(* Assume A1 and A2, and let $W$ be a compact neighborhood of $A$ with $\vartheta^{(t)}W\subset\vartheta^{(t')}W$ for $t\ge t'\ge0$ and $\bigcap_{t\ge0}\vartheta^{(t)}W=A$. Then: (1) for all $i$, $t,t_0$, $s_0$: $\sum_{j=1}^m U_{ij}(t,t_0,s_0)=\breve U(t,t_0,s_0)$, where $U(t,t_0,s_0)=(U_{ij}(t,t_0,s_0))_{i,j=1}^m$ with $n\times n$ blocks and $\breve U(t,t_0,s_0)$ is the solution matrix of $\dot u=\frac{\partial f}{\partial s}(s(t))u$, $s(t_0)=s_0$; (2) for any given $t\ge0$, $U(t+t_0,t_0,s_0)$ is bounded uniformly over all $t_0\ge0$ and $s_0\in W$, and the family $\{s_0\mapsto U(t+t_0,t_0,s_0)\}_{t_0\ge0}$ is equicontinuous on $W$.
   Context: Assumption A1: there are functions $f^i:\mathbb R^{nm}\times[0,\infty)\to\mathbb R^n$, $i=1,\dots,m$, and $f:\mathbb R^n\to\mathbb R^n$ such that (a) $f^i(s,\dots,s,t)=f(s)$ for all $i,s,t$; (b) $x\mapsto f^i(x,t)$ is $C^1$ for each $t$, with Jacobian $DF^t(x)=(\partial f^i/\partial x^j(x,t))_{i,j}\in\mathbb R^{nm\times nm}$; (c) $\|DF^t(x)\|\le\phi(x)$ for some locally bounded $\phi$; (d) $\|DF^t(x)-DF^t(y)\|\le K(x,y)\|x-y\|$ for some locally bounded $K$, all $t$; (e) $f^i(x,t)$ and $DF^t(x)$ are measurable in $t$. Assumption A2: with $\vartheta^{(t)}$ the semiflow of $\dot s=f(s)$, there is a compact $A\subset\mathbb R^n$ with (a) $\vartheta^{(t)}A\subset A$; (b) an open bounded neighborhood $U$ of $A$ with $\bigcap_{t\ge0}\vartheta^{(t)}\overline U=A$; (c) some $s_0\in A$ whose $\omega$-limit set equals $A$. $s(t)$ solves $\dot s=f(s)$, $s(t_0)=s_0$; $U(t,t_0,s_0)$ is the solution matrix (identity at $t_0$) of $\dot{\delta x}=DF^t(\hat s(t))\delta x$ with $\hat s=[s^\top,\dots,s^\top]^\top\in\mathbb R^{nm}$. *)

theory Defs
  imports "HOL-Analysis.Analysis"
begin

definition locally_bounded :: "('a::metric_space \<Rightarrow> real) \<Rightarrow> bool" where
  "locally_bounded g \<longleftrightarrow> (\<forall>x. \<exists>e>0. bounded (g ` ball x e))"

definition ode_sol :: "('a::real_normed_vector \<Rightarrow> 'a) \<Rightarrow> real set \<Rightarrow> real \<Rightarrow> 'a \<Rightarrow> (real \<Rightarrow> 'a) \<Rightarrow> bool" where
  "ode_sol f T t0 x0 x \<longleftrightarrow> t0 \<in> T \<and> x t0 = x0 \<and>
     (\<forall>\<tau>\<in>T. (x has_vector_derivative f (x \<tau>)) (at \<tau> within T))"

text \<open>Caratheodory (integral-equation) solution of the non-autonomous ODE  x' = A t x
  on the interval T with x t0 = x0 (A only measurable in t).\<close>
definition car_sol :: "(real \<Rightarrow> 'a::real_normed_vector \<Rightarrow> 'a) \<Rightarrow> real set \<Rightarrow> real \<Rightarrow> 'a \<Rightarrow> (real \<Rightarrow> 'a) \<Rightarrow> bool" where
  "car_sol A T t0 x0 x \<longleftrightarrow> t0 \<in> T \<and> x t0 = x0 \<and> continuous_on T x \<and>
     (\<forall>t\<in>T. t0 \<le> t \<longrightarrow> ((\<lambda>\<tau>. A \<tau> (x \<tau>)) has_integral (x t - x0)) {t0..t}) \<and>
     (\<forall>t\<in>T. t \<le> t0 \<longrightarrow> ((\<lambda>\<tau>. A \<tau> (x \<tau>)) has_integral (x0 - x t)) {t..t0})"
text \<open>The key one-round estimate: the exponential moment of the number of missing edges
  contracts by the factor 1 - 48/n in the exponent, by independence of the nodes' choices.\<close>
lemma round_exp_moment:
  assumes simple: "simple_graph n E" and n2: "n \<ge> 2" and s: "0 \<le> s" "s \<le> 1"
  shows "measure_pmf.expectation (tri_step n E) (\<lambda>G. exp (- s * real (miss n G)))
         \<le> exp (- (s * (1 - 48 / real n)) * real (miss n E))"
proof -
  define m where "m = real (miss n E)"
  define h where "h v = (if v \<in> bad_pairs n E then exp s else 1)" for v :: "nat \<times> nat"
  let ?P = "Pi_pmf {..<n} (0, 0) (node_choice E)"
  have h_nonneg: "0 \<le> h v" for v unfolding h_def by auto
  have h_bounded: "\<bar>h v\<bar> \<le> exp s" for v unfolding h_def using s by auto
  have pointwise: "exp (- s * real (miss n (round_graph n E f))) \<le> exp (- s * m) * (\<Prod>x<n. h (f x))"
    for f
  proof -
    let ?c = "real (card {x\<in>{..<n}. f x \<in> bad_pairs n E})"
    have "(\<Prod>x<n. h (f x)) = exp (s * ?c)"
      unfolding h_def by (simp add: prod.If_cases exp_of_nat_mult[symmetric] Int_def conj_commute)
    moreover have "s * m \<le> s * (real (miss n (round_graph n E f)) + ?c)"
      using miss_round_graph[of n E f] s unfolding m_def by (intro mult_left_mono) auto
    ultimately show ?thesis by (simp add: exp_add[symmetric] algebra_simps)
  qed
  have "measure_pmf.expectation (tri_step n E) (\<lambda>G. exp (- s * real (miss n G)))
        = measure_pmf.expectation ?P (\<lambda>f. exp (- s * real (miss n (round_graph n E f))))"
    unfolding tri_step_round_graph by simp
  also have "\<dots> \<le> measure_pmf.expectation ?P (\<lambda>f. exp (- s * m) * (\<Prod>x<n. h (f x)))"
    using s by (intro integral_mono pointwise integrable_bounded_pmf[where B=1]
        integrable_mult_right integrable_prod_Pi_pmf integrable_bounded_pmf[where B="exp s"]
        h_bounded) auto
  also have "\<dots> = exp (- s * m) * (\<Prod>x<n. measure_pmf.expectation (node_choice E x) h)"
    by (subst integral_mult_right_zero, subst expectation_prod_Pi_pmf)
       (auto intro!: integrable_bounded_pmf[where B="exp s"] h_bounded h_nonneg)
  also have "\<dots> \<le> exp (- s * m) * (\<Prod>x<n. exp ((exp s - 1) * close_prob n E x))"
    using node_exp_moment[of E _ n s] unfolding h_def[symmetric]
    by (intro mult_left_mono prod_mono conjI)
       (auto intro!: Bochner_Integration.integral_nonneg h_nonneg)
  also have "(\<Prod>x<n. exp ((exp s - 1) * close_prob n E x))
      = exp ((exp s - 1) * (\<Sum>x<n. close_prob n E x))"
    by (simp add: exp_sum sum_distrib_left)
  also have "\<dots> \<le> exp ((3 * s) * (16 * m / real n))"
  proof -
    have "0 \<le> exp s - 1" "exp s - 1 \<le> 3 * s" using exp_le_one_plus_three[OF s] s by auto
    moreover have "0 \<le> (\<Sum>x<n. close_prob n E x)" by (simp add: sum_nonneg close_prob_def)
    ultimately have "(exp s - 1) * (\<Sum>x<n. close_prob n E x) \<le> (3 * s) * (16 * m / real n)"
      using sum_close_prob[OF simple n2] unfolding m_def by (intro mult_mono) auto
    thus ?thesis by simp
  qed
  also have "exp (- s * m) * exp ((3 * s) * (16 * m / real n)) = exp (- (s * (1 - 48 / real n)) * m)"
    by (simp add: exp_add[symmetric] algebra_simps)
  finally show ?thesis unfolding m_def by simp
qed

section \<open>Iterating along the process\<close>

lemma expectation_bind_pmf:
  fixes g :: "'b \<Rightarrow> real"
  assumes "\<And>y. \<bar>g y\<bar> \<le> B"
  shows "measure_pmf.expectation (bind_pmf M N) g
         = measure_pmf.expectation M (\<lambda>x. measure_pmf.expectation (N x) g)"
  unfolding measure_pmf_bind
  by (rule integral_bind[where K="count_space UNIV" and B=B and B'=1])
     (auto simp: assms measure_pmf.emeasure_space_1 measure_pmf_in_subprob_algebra)

lemma tri_process_simple:
  "simple_graph n E \<Longrightarrow> G \<in> set_pmf (tri_process n E t) \<Longrightarrow> simple_graph n G"
proof (induction t arbitrary: G)
  case 0 thus ?case by simp
next
  case (Suc t) thus ?case by (auto simp: tri_step_round_graph intro: round_graph_simple)
qed

lemma tri_process_exp_moment:
  assumes simple: "simple_graph n E" and n: "n \<ge> 96" and s: "0 \<le> s" "s \<le> 1"
  shows "measure_pmf.expectation (tri_process n E t) (\<lambda>G. exp (- s * real (miss n G)))
         \<le> exp (- (s * (1 - 48 / real n) ^ t) * real (miss n E))"
  using s
proof (induction t arbitrary: s)
  case 0 thus ?case by simp
next
  case (Suc t)
  define \<rho> where "\<rho> = 1 - 48 / real n"
  have \<rho>: "0 \<le> \<rho>" "\<rho> \<le> 1" unfolding \<rho>_def using n by (auto simp: field_simps)
  have "measure_pmf.expectation (tri_process n E (Suc t)) (\<lambda>G. exp (- s * real (miss n G)))
      = measure_pmf.expectation (tri_process n E t)
          (\<lambda>G. measure_pmf.expectation (tri_step n G) (\<lambda>G. exp (- s * real (miss n G))))"
    using Suc.prems by (simp add: expectation_bind_pmf[where B=1])
  also have "\<dots> \<le> measure_pmf.expectation (tri_process n E t) (\<lambda>G. exp (- (s * \<rho>) * real (miss n G)))"
  proof (rule integral_mono_AE)
    show "AE G in measure_pmf (tri_process n E t).
        measure_pmf.expectation (tri_step n G) (\<lambda>G. exp (- s * real (miss n G)))
          \<le> exp (- (s * \<rho>) * real (miss n G))"
      using round_exp_moment[OF tri_process_simple[OF simple]] n Suc.prems
      by (auto simp: AE_measure_pmf_iff \<rho>_def)
    have "\<bar>measure_pmf.expectation (tri_step n G) (\<lambda>G. exp (- s * real (miss n G)))\<bar> \<le> 1" for G
    proof -
      have "measure_pmf.expectation (tri_step n G) (\<lambda>G. exp (- s * real (miss n G)))
          \<le> measure_pmf.expectation (tri_step n G) (\<lambda>G. 1)"
        using Suc.prems by (intro integral_mono integrable_bounded_pmf[where B=1]) auto
      moreover have "0 \<le> measure_pmf.expectation (tri_step n G) (\<lambda>G. exp (- s * real (miss n G)))"
        by (rule Bochner_Integration.integral_nonneg) auto
      ultimately show ?thesis by simp
    qed
    then show "integrable (measure_pmf (tri_process n E t))
        (\<lambda>G. measure_pmf.expectation (tri_step n G) (\<lambda>G. exp (- s * real (miss n G))))"
      by (rule integrable_bounded_pmf)
  qed (use Suc.prems \<rho> in \<open>auto intro!: integrable_bounded_pmf[where B=1]\<close>)
  also have "\<dots> \<le> exp (- ((s * \<rho>) * \<rho> ^ t) * real (miss n E))"
    using Suc.prems \<rho> unfolding \<rho>_def by (intro Suc.IH) (auto intro: mult_le_one)
  finally show ?case by (simp add: \<rho>_def mult.assoc mult.left_commute)
qed

text \<open>The complete graph has no missing edges, so exp(-m) dominates the indicator of
  completeness.\<close>
lemma prob_complete_le_exp_moment:
  "measure_pmf.prob q {G. complete_graph n G}
     \<le> measure_pmf.expectation q (\<lambda>G. exp (- 1 * real (miss n G)))"
proof -
  have "measure_pmf.prob q {G. complete_graph n G}
      = measure_pmf.expectation q (indicator {G. complete_graph n G})"
    by (subst Bochner_Integration.integral_indicator) simp
  also have "\<dots> \<le> measure_pmf.expectation q (\<lambda>G. exp (- 1 * real (miss n G)))"
    by (intro integral_mono integrable_bounded_pmf[where B=1])
       (auto simp: indicator_def complete_graph_def miss_def)
  finally show ?thesis .
qed

lemma ln_contraction_factor:
  assumes "real n \<ge> 96"
  shows "ln (1 - 48 / real n) \<ge> - 96 / real n"
proof -
  have x: "0 \<le> 48 / real n" "48 / real n \<le> 1/2" using assms by (auto simp: field_simps)
  have "- (48 / real n) - 2 * (48 / real n)^2 \<le> ln (1 - 48 / real n)"
    by (rule ln_one_minus_pos_lower_bound) (use x in auto)
  moreover have "2 * (48 / real n)^2 \<le> 1 * (48 / real n)"
    unfolding power2_eq_square mult.assoc[symmetric] using x by (intro mult_right_mono) auto
  ultimately show ?thesis by simp
qed

lemma contraction_after_few_rounds:
  assumes n: "real n \<ge> 96" and k: "real k \<ge> 1"
    and T: "real T \<le> 1/192 * real n * ln (real k)"
  shows "real k powr (1/4) \<le> (1 - 48 / real n) ^ T * real k"
proof -
  define \<rho> where "\<rho> = 1 - 48 / real n"
  have \<rho>pos: "\<rho> > 0" unfolding \<rho>_def using n by (simp add: field_simps)
  have "real T * ln \<rho> \<ge> real T * (- 96 / real n)"
    using ln_contraction_factor[OF n] unfolding \<rho>_def by (intro mult_left_mono) auto
  moreover have "real T * (- 96 / real n) \<ge> (1/192 * real n * ln (real k)) * (- 96 / real n)"
    using T n by (intro mult_right_mono_neg) auto
  moreover have "(1/192 * real n * ln (real k)) * (- 96 / real n) = - (1/2) * ln (real k)"
    using n by (simp add: field_simps)
  ultimately have "exp (- (1/2) * ln (real k)) \<le> exp (real T * ln \<rho>)" by simp
  hence "real k powr (- (1/2)) \<le> \<rho> ^ T"
    using k \<rho>pos by (simp add: powr_def exp_ln ln_realpow[symmetric])
  hence "real k powr (- (1/2)) * real k \<le> \<rho> ^ T * real k"
    by (intro mult_right_mono) auto
  moreover have "real k powr (- (1/2)) * real k = real k powr (1/2)"
    using k powr_add[of "real k" "- (1/2)" 1] by simp
  moreover have "real k powr (1/4) \<le> real k powr (1/2)" using k by (intro powr_mono) auto
  ultimately show ?thesis unfolding \<rho>_def by simp
qed

text \<open>Small graphs have at most 95^2 = 9025 < 9216 missing edges, so the constant e^9216
  makes the bound trivial.\<close>
lemma small_graph_bound:
  assumes "n < 96" "card E + k = card (all_pairs n)"
  shows "1 \<le> exp 9216 * exp (- (real k powr (1/4)))"
proof -
  have "k \<le> n * n" using assms(2) card_all_pairs_le[of n] by linarith
  also have "\<dots> \<le> 95 * 95" using assms(1) by (intro mult_le_mono) auto
  finally have "real k \<le> 9216" by simp
  moreover have "real k powr (1/4) \<le> max 1 (real k)"
    using powr_mono[of "1/4" 1 "real k"] by (cases "real k \<ge> 1") (auto simp: powr_le1)
  ultimately have "1 \<le> exp (9216 - real k powr (1/4))" by simp
  thus ?thesis by (simp add: exp_diff exp_minus field_simps)
qed

lemma large_graph_bound:
  assumes simple: "simple_graph n E" and n: "n \<ge> 96" and k: "k \<ge> 1"
    and card: "card E + k = card (all_pairs n)"
    and T: "real T \<le> 1/192 * real n * ln (real k)"
  shows "measure_pmf.prob (tri_process n E T) {G. complete_graph n G}
           \<le> exp (- (real k powr (1/4)))"
proof -
  have "measure_pmf.prob (tri_process n E T) {G. complete_graph n G}
      \<le> measure_pmf.expectation (tri_process n E T) (\<lambda>G. exp (- 1 * real (miss n G)))"
    by (rule prob_complete_le_exp_moment)
  also have "\<dots> \<le> exp (- (1 * (1 - 48 / real n) ^ T) * real k)"
    using tri_process_exp_moment[OF simple n, of 1 T] miss_initial[OF simple card] by simp
  also have "\<dots> \<le> exp (- (real k powr (1/4)))"
    using contraction_after_few_rounds[of n k T] n k T by simp
  finally show ?thesis .
qed

theorem theorem9:
  shows "\<exists>c::real. \<exists>C::real. c > 0 \<and> C > 0 \<and>
    (\<forall>n::nat. \<forall>E::nat set set. \<forall>k::nat.
       simple_graph n E \<longrightarrow> connected_graph n E \<longrightarrow> k \<ge> 1 \<longrightarrow>
       card E + k = card (all_pairs n) \<longrightarrow>
       measure_pmf.prob (tri_process n E (nat \<lfloor>c * real n * ln (real k)\<rfloor>))
           {G. complete_graph n G}
         \<le> C * exp (- (real k powr (1/4))))"
proof (intro exI conjI allI impI)
  show "(1/192 :: real) > 0" "exp 9216 > (0 :: real)" by auto
  fix n :: nat and E :: "nat set set" and k :: nat
  assume simple: "simple_graph n E" and k: "k \<ge> 1" and card: "card E + k = card (all_pairs n)"
  define T where "T = nat \<lfloor>1/192 * real n * ln (real k)\<rfloor>"
  let ?P = "measure_pmf.prob (tri_process n E T) {G. complete_graph n G}"
  show "?P \<le> exp 9216 * exp (- (real k powr (1/4)))"
  proof (cases "n < 96")
    case True
    then show ?thesis using small_graph_bound[OF True card] measure_pmf.prob_le_1 order_trans
      by blast
  next
    case False
    have "0 \<le> 1/192 * real n * ln (real k)" using k by simp
    hence "real T \<le> 1/192 * real n * ln (real k)" unfolding T_def by linarith
    hence "?P \<le> exp (- (real k powr (1/4)))"
      using large_graph_bound[OF simple _ k card] False by simp
    thus ?thesis by (simp add: order_trans)
  qed
qed

end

---

> **Try it**
Pick out all lines from the data above in which the word "rule" appears.

> **Response to this task**
  by (rule integral_bind[where K="count_space UNIV" and B=B and B'=1])
  proof (rule integral_mono_AE)
        by (rule Bochner_Integration.integral_nonneg) auto
      by (rule integrable_bounded_pmf)
    by (rule ln_one_minus_pos_lower_bound) (use x in auto)
    by (rule prob_complete_le_exp_moment)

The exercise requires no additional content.